┌─ RECORDS SUPPLIED

text \<open>If t inverts b and b a, then t b inverts a and b.\<close>
lemma commonly_inverted_mult_left:
  assumes a: "a \<in> carrier G" and b: "b \<in> carrier G" and "commonly_inverted G (b \<otimes> a) b"
  shows "commonly_inverted G a b"
proof -
  obtain t where t: "t \<in> carrier G" "t \<otimes> t = \<one>" and "inverts G t (b \<otimes> a)" "inverts G t b"
    using assms(3) by (auto simp: commonly_inverted_def)
  then have tba: "t \<otimes> (b \<otimes> (a \<otimes> t)) = inv a \<otimes> inv b"
    using a b by (simp add: inverts_def m_assoc inv_mult_group)
  have cancel: "u \<otimes> (inv u \<otimes> x) = x" "inv u \<otimes> (u \<otimes> x) = x"
    if "u \<in> carrier G" "x \<in> carrier G" for u x
    using that by (simp_all add: m_assoc[symmetric])
  have tt: "t \<otimes> (t \<otimes> x) = x" if "x \<in> carrier G" for x
    using that t by (simp add: m_assoc[symmetric])
  have tb: "t \<otimes> (b \<otimes> x) = inv b \<otimes> (t \<otimes> x)" if "x \<in> carrier G" for x
    using inverts_commute[OF t b \<open>inverts G t b\<close> that] .
  have "inv b \<otimes> (t \<otimes> (a \<otimes> t)) = inv a \<otimes> inv b" using tba tb a t by simp
  then have "t \<otimes> (a \<otimes> t) = b \<otimes> (inv a \<otimes> inv b)"
    using cancel[of b "t \<otimes> (a \<otimes> t)"] a b t by simp
  then have tat: "t \<otimes> (a \<otimes> (t \<otimes> x)) = b \<otimes> (inv a \<otimes> (inv b \<otimes> x))" if "x \<in> carrier G" for x
    using that a b t by (simp add: m_assoc[symmetric])
  have "t \<otimes> b \<in> carrier G" "(t \<otimes> b) \<otimes> (t \<otimes> b) = \<one>"
    "(t \<otimes> b) \<otimes> a \<otimes> (t \<otimes> b) = inv a" "(t \<otimes> b) \<otimes> b \<otimes> (t \<otimes> b) = inv b"
    using a b t by (simp_all add: m_assoc tb tt tat cancel)
  then show ?thesis by (auto simp: commonly_inverted_def inverts_def)
qed

lemma commonly_inverted_mult_right:
  assumes a: "a \<in> carrier G" and b: "b \<in> carrier G" and "commonly_inverted G (a \<otimes> b) b"
  shows "commonly_inverted G a b"
proof -
  have inv_right: "commonly_inverted G x (inv y) \<longleftrightarrow> commonly_inverted G x y" if "y \<in> carrier G" for x y
    using commonly_inverted_inv[OF that] commonly_inverted_sym by metis
  have "commonly_inverted G (inv (a \<otimes> b)) (inv b)"
    using assms(3) commonly_inverted_inv[OF m_closed[OF a b]] inv_right[OF b] by blast
  then have "commonly_inverted G (inv b \<otimes> inv a) (inv b)" by (simp only: inv_mult_group[OF a b])
  then have "commonly_inverted G (inv a) (inv b)"
    by (rule commonly_inverted_mult_left[OF inv_closed[OF a] inv_closed[OF b]])
  then show ?thesis using commonly_inverted_inv[OF a] inv_right[OF b] by blast
qed

end

lemma even_length_positive:
  assumes "even (length a)" "a \<noteq> []"
  obtains m where "length a = 2 * m" "m > 0"
proof -
  obtain m where m: "length a = 2 * m" using assms(1) by (auto elim: evenE)
  with assms(2) have "m > 0" by (cases m) auto
  with m that show ?thesis by blast
qed
(* Let $d\ge3$, $\chi^0=c_0(-\mu)^{1-d/2}$ with $c_0\neq0$, and let $\xi^a$ be a timelike vector field with $\nabla_aT_0^{ab}=0$, where $T_0^{ab}=4\chi^0_{\mu\mu}\xi^a\xi^b+2\chi^0_\mu g^{ab}$. Then (i) $\dot\mu/\mu=2D/d$ and $\dot\xi^b=(\dot\mu/\mu)\xi^b-\tfrac12\nabla^b\mu$; (ii) the entropy current $S_0^a:=\partial\chi^0/\partial\xi_a-\xi_bT_0^{ab}=-4\mu\chi^0_{\mu\mu}\xi^a$ satisfies $\nabla_aS_0^a=0$; (iii) if $\nabla_{(a}\xi_{b)}=t\,g_{ab}+s\,\xi_a\xi_b$ for some functions $t,s$, then $s=0$ and $t=D/d$, i.e. $\xi^a$ is a conformal Killing vector field.
   Context: $\mu:=\xi^c\xi_c$, $D:=\nabla_c\xi^c$, $\dot\mu:=\xi^a\nabla_a\mu$, $\dot\xi^b:=\xi^a\nabla_a\xi^b$; subscripts $\mu$ denote derivatives with respect to $\mu$. *)

theory Defs
  imports "HOL-Analysis.Analysis"
begin

text \<open>Local-coordinate setting: an open coordinate patch U of R^d (d = CARD('n)),
  a metric g (components g_ab, as a matrix), its inverse g^ab, Levi-Civita connection.\<close>

definition pd :: "(real^'n \<Rightarrow> real) \<Rightarrow> 'n \<Rightarrow> real^'n \<Rightarrow> real" where
  "pd f c x = frechet_derivative f (at x) (axis c 1)"

coinductive smooth_on :: "(real^'n) set \<Rightarrow> (real^'n \<Rightarrow> real) \<Rightarrow> bool" where
  "\<lbrakk>\<forall>x\<in>U. f differentiable (at x); \<forall>c. smooth_on U (pd f c)\<rbrakk> \<Longrightarrow> smooth_on U f"

definition lorentzian :: "real^'n^'n \<Rightarrow> bool" where
  "lorentzian M \<longleftrightarrow> transpose M = M \<and>
     (\<exists>(P::real^'n^'n) i0. invertible P \<and>
        transpose P ** M ** P = (\<chi> a b. if a = b then (if a = i0 then -1 else 1) else 0))"

definition ginv :: "(real^'n \<Rightarrow> real^'n^'n) \<Rightarrow> real^'n \<Rightarrow> real^'n^'n" where
  "ginv g x = matrix_inv (g x)"

definition christoffel :: "(real^'n \<Rightarrow> real^'n^'n) \<Rightarrow> real^'n \<Rightarrow> 'n \<Rightarrow> 'n \<Rightarrow> 'n \<Rightarrow> real" where
  "christoffel g x a b c = (1/2) * (\<Sum>e\<in>UNIV. ginv g x $ a $ e *
      (pd (\<lambda>y. g y $ e $ c) b x + pd (\<lambda>y. g y $ e $ b) c x - pd (\<lambda>y. g y $ b $ c) e x))"

definition covd_vec :: "(real^'n \<Rightarrow> real^'n^'n) \<Rightarrow> (real^'n \<Rightarrow> real^'n) \<Rightarrow> real^'n \<Rightarrow> 'n \<Rightarrow> 'n \<Rightarrow> real" where
  "covd_vec g V x a b = pd (\<lambda>y. V y $ b) a x + (\<Sum>c\<in>UNIV. christoffel g x b a c * V x $ c)"

definition div_vec :: "(real^'n \<Rightarrow> real^'n^'n) \<Rightarrow> (real^'n \<Rightarrow> real^'n) \<Rightarrow> real^'n \<Rightarrow> real" where
  "div_vec g V x = (\<Sum>a\<in>UNIV. covd_vec g V x a a)"

definition div_tensor :: "(real^'n \<Rightarrow> real^'n^'n) \<Rightarrow> (real^'n \<Rightarrow> real^'n^'n) \<Rightarrow> real^'n \<Rightarrow> 'n \<Rightarrow> real" where
  "div_tensor g T x b = (\<Sum>a\<in>UNIV. pd (\<lambda>y. T y $ a $ b) a x
      + (\<Sum>c\<in>UNIV. christoffel g x a a c * T x $ c $ b + christoffel g x b a c * T x $ a $ c))"

definition lower :: "(real^'n \<Rightarrow> real^'n^'n) \<Rightarrow> (real^'n \<Rightarrow> real^'n) \<Rightarrow> real^'n \<Rightarrow> real^'n" where
  "lower g V x = (\<chi> a. \<Sum>b\<in>UNIV. g x $ a $ b * V x $ b)"

definition mu :: "(real^'n \<Rightarrow> real^'n^'n) \<Rightarrow> (real^'n \<Rightarrow> real^'n) \<Rightarrow> real^'n \<Rightarrow> real" where
  "mu g xi x = (\<Sum>a\<in>UNIV. \<Sum>b\<in>UNIV. g x $ a $ b * xi x $ a * xi x $ b)"

definition dotd :: "(real^'n \<Rightarrow> real^'n) \<Rightarrow> (real^'n \<Rightarrow> real) \<Rightarrow> real^'n \<Rightarrow> real" where
  "dotd xi f x = (\<Sum>a\<in>UNIV. xi x $ a * pd f a x)"

definition accel :: "(real^'n \<Rightarrow> real^'n^'n) \<Rightarrow> (real^'n \<Rightarrow> real^'n) \<Rightarrow> real^'n \<Rightarrow> 'n \<Rightarrow> real" where
  "accel g xi x b = (\<Sum>a\<in>UNIV. xi x $ a * covd_vec g xi x a b)"

definition grad_up :: "(real^'n \<Rightarrow> real^'n^'n) \<Rightarrow> (real^'n \<Rightarrow> real) \<Rightarrow> real^'n \<Rightarrow> 'n \<Rightarrow> real" where
  "grad_up g f x b = (\<Sum>a\<in>UNIV. ginv g x $ b $ a * pd f a x)"

definition chi0 :: "real \<Rightarrow> nat \<Rightarrow> real \<Rightarrow> real" where
  "chi0 c0 d m = c0 * (-m) powr (1 - real d / 2)"

definition T0 :: "real \<Rightarrow> nat \<Rightarrow> (real^'n \<Rightarrow> real^'n^'n) \<Rightarrow> (real^'n \<Rightarrow> real^'n) \<Rightarrow> real^'n \<Rightarrow> real^'n^'n" where
  "T0 c0 d g xi x = (\<chi> a b.
      4 * deriv (deriv (chi0 c0 d)) (mu g xi x) * xi x $ a * xi x $ b
    + 2 * deriv (chi0 c0 d) (mu g xi x) * ginv g x $ a $ b)"

text \<open>S_0^a = d chi^0 / d xi_a - xi_b T_0^ab, where chi^0 is regarded as a function of the
  covector xi_a through mu = g^ab xi_a xi_b.\<close>
definition S0 :: "real \<Rightarrow> nat \<Rightarrow> (real^'n \<Rightarrow> real^'n^'n) \<Rightarrow> (real^'n \<Rightarrow> real^'n) \<Rightarrow> real^'n \<Rightarrow> real^'n" where
  "S0 c0 d g xi x = (\<chi> a.
      frechet_derivative (\<lambda>\<eta>::real^'n. chi0 c0 d (\<Sum>p\<in>UNIV. \<Sum>q\<in>UNIV. ginv g x $ p $ q * \<eta> $ p * \<eta> $ q))
         (at (lower g xi x)) (axis a 1)
    - (\<Sum>b\<in>UNIV. lower g xi x $ b * T0 c0 d g xi x $ a $ b))"

definition symcov :: "(real^'n \<Rightarrow> real^'n^'n) \<Rightarrow> (real^'n \<Rightarrow> real^'n) \<Rightarrow> real^'n \<Rightarrow> 'n \<Rightarrow> 'n \<Rightarrow> real" where
  "symcov g xi x a b = (1/2) * ((\<Sum>c\<in>UNIV. g x $ b $ c * covd_vec g xi x a c)
                              + (\<Sum>c\<in>UNIV. g x $ a $ c * covd_vec g xi x b c))"

end

theory Submission
  imports Defs
begin

text \<open>Contract the conservation law \<open>\<nabla>\<^sub>a T\<^sup>a\<^sup>b = 0\<close> with \<open>\<xi>\<^sub>b\<close>. Metric compatibility, in the
  forms \<open>\<xi>\<^sub>b \<nabla>\<^sub>a \<xi>\<^sup>b = \<partial>\<^sub>a \<mu> / 2\<close> and \<open>\<nabla>\<^sub>a g\<^sup>a\<^sup>b = 0\<close>, together with the homogeneity
  \<open>\<mu> \<chi>\<^sub>\<mu>\<^sub>\<mu>\<^sub>\<mu> = -(d/2 + 1) \<chi>\<^sub>\<mu>\<^sub>\<mu>\<close> of the power law \<open>\<chi>\<^sup>0\<close>, reduces it to
  \<open>\<chi>\<^sub>\<mu>\<^sub>\<mu> (2 D \<mu> - d \<mu>') = 0\<close>. As \<open>\<chi>\<^sub>\<mu>\<^sub>\<mu> \<noteq> 0\<close> this is the expansion rate, and
  substituting it back into the uncontracted law gives the acceleration. The entropy current is
  \<open>-4 \<mu> \<chi>\<^sub>\<mu>\<^sub>\<mu> \<xi>\<close>, whose divergence \<open>-4 \<chi>\<^sub>\<mu>\<^sub>\<mu> (\<mu> D - d \<mu>' / 2)\<close> vanishes by the
  same two facts. Finally, contracting \<open>\<nabla>\<^sub>(\<^sub>a \<xi>\<^sub>b\<^sub>) = t g\<^sub>a\<^sub>b + s \<xi>\<^sub>a \<xi>\<^sub>b\<close> with
  \<open>\<xi>\<^sup>a \<xi>\<^sup>b\<close> and with \<open>g\<^sup>a\<^sup>b\<close> gives \<open>\<mu>' / 2 = t \<mu> + s \<mu>\<^sup>2\<close> and \<open>D = d t + s \<mu>\<close>;
  with the expansion rate this forces \<open>(d - 1) s \<mu>\<^sup>2 = 0\<close>.\<close>

lemma sum_delta_mult:
  "(\<Sum>c\<in>UNIV. (if c = a then 1 else 0) * F c) = (F (a::'n::finite) :: 'a::comm_ring_1)"
proof -
  have "(\<Sum>c\<in>UNIV. (if c = a then 1 else 0) * F c) = (\<Sum>c\<in>UNIV. if c = a then F c else 0)"
    by (rule sum.cong) auto
  then show ?thesis by simp
qed

lemma sum_delta_mult':
  "(\<Sum>c\<in>UNIV. (if a = c then 1 else 0) * F c) = (F (a::'n::finite) :: 'a::comm_ring_1)"
  using sum_delta_mult[of a F] by (simp add: eq_commute)

lemma sum_axis_mult: "(\<Sum>c\<in>UNIV. axis a (1::real) $ c * F c) = F a"
  by (simp add: axis_def sum_delta_mult)

lemma sum_cycle3:
  "(\<Sum>a\<in>A. \<Sum>b\<in>B. \<Sum>c\<in>C. f a b c) = (\<Sum>b\<in>B. \<Sum>c\<in>C. \<Sum>a\<in>A. f a b c)"
proof -
  have "(\<Sum>a\<in>A. \<Sum>b\<in>B. \<Sum>c\<in>C. f a b c) = (\<Sum>b\<in>B. \<Sum>a\<in>A. \<Sum>c\<in>C. f a b c)"
    by (rule sum.swap)
  also have "\<dots> = (\<Sum>b\<in>B. \<Sum>c\<in>C. \<Sum>a\<in>A. f a b c)"
    by (rule sum.cong[OF refl], rule sum.swap)
  finally show ?thesis .
qed

lemma sum_reverse3:
  "(\<Sum>a\<in>A. \<Sum>b\<in>B. \<Sum>c\<in>C. f a b c) = (\<Sum>c\<in>C. \<Sum>b\<in>B. \<Sum>a\<in>A. f a b c)"
  by (subst sum_cycle3) (rule sum.swap)

lemma sum_contract:
  "(\<Sum>b\<in>B. u b * (\<Sum>e\<in>E. v b e * w e)) = (\<Sum>e\<in>E. (\<Sum>b\<in>B. u b * v b e) * (w e :: 'a::comm_semiring_1))"
proof -
  have "(\<Sum>b\<in>B. u b * (\<Sum>e\<in>E. v b e * w e)) = (\<Sum>b\<in>B. \<Sum>e\<in>E. u b * v b e * w e)"
    by (simp add: sum_distrib_left mult.assoc)
  also have "\<dots> = (\<Sum>e\<in>E. \<Sum>b\<in>B. u b * v b e * w e)"
    by (rule sum.swap)
  finally show ?thesis by (simp add: sum_distrib_right)
qed

section \<open>Partial derivatives\<close>

lemma pd_eq: "(f has_derivative D) (at x) \<Longrightarrow> pd f c x = D (axis c 1)"
  unfolding pd_def by (metis frechet_derivative_at)

lemma has_derivative_pd:
  assumes "f differentiable (at x)"
  shows "(f has_derivative (\<lambda>h. \<Sum>c\<in>UNIV. h $ c * pd f c x)) (at x)"
proof -
  let ?D = "frechet_derivative f (at x)"
  have D: "(f has_derivative ?D) (at x)"
    using assms frechet_derivative_works by blast
  have "?D h = (\<Sum>c\<in>UNIV. h $ c * pd f c x)" for h :: "real^'a"
  proof -
    have "h = (\<Sum>c\<in>UNIV. h $ c *\<^sub>R axis c 1)"
      using basis_expansion[of h] by (simp add: scalar_mult_eq_scaleR)
    then have "?D h = ?D (\<Sum>c\<in>UNIV. h $ c *\<^sub>R axis c 1)" by simp
    also have "\<dots> = (\<Sum>c\<in>UNIV. h $ c * ?D (axis c 1))"
      using has_derivative_linear[OF D] by (simp add: linear_sum linear_cmul)
    finally show ?thesis by (simp add: pd_def)
  qed
  then have "?D = (\<lambda>h. \<Sum>c\<in>UNIV. h $ c * pd f c x)" by (rule ext)
  with D show ?thesis by simp
qed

└─

PROBLEM TO WORK ON
Only the lines from the one containing "c * ?D (axis" through the end of the entries above should be written out, exactly and in full.

TASK SOLUTION
    also have "\<dots> = (\<Sum>c\<in>UNIV. h $ c * ?D (axis c 1))"
      using has_derivative_linear[OF D] by (simp add: linear_sum linear_cmul)
    finally show ?thesis by (simp add: pd_def)
  qed
  then have "?D = (\<lambda>h. \<Sum>c\<in>UNIV. h $ c * pd f c x)" by (rule ext)
  with D show ?thesis by simp
qed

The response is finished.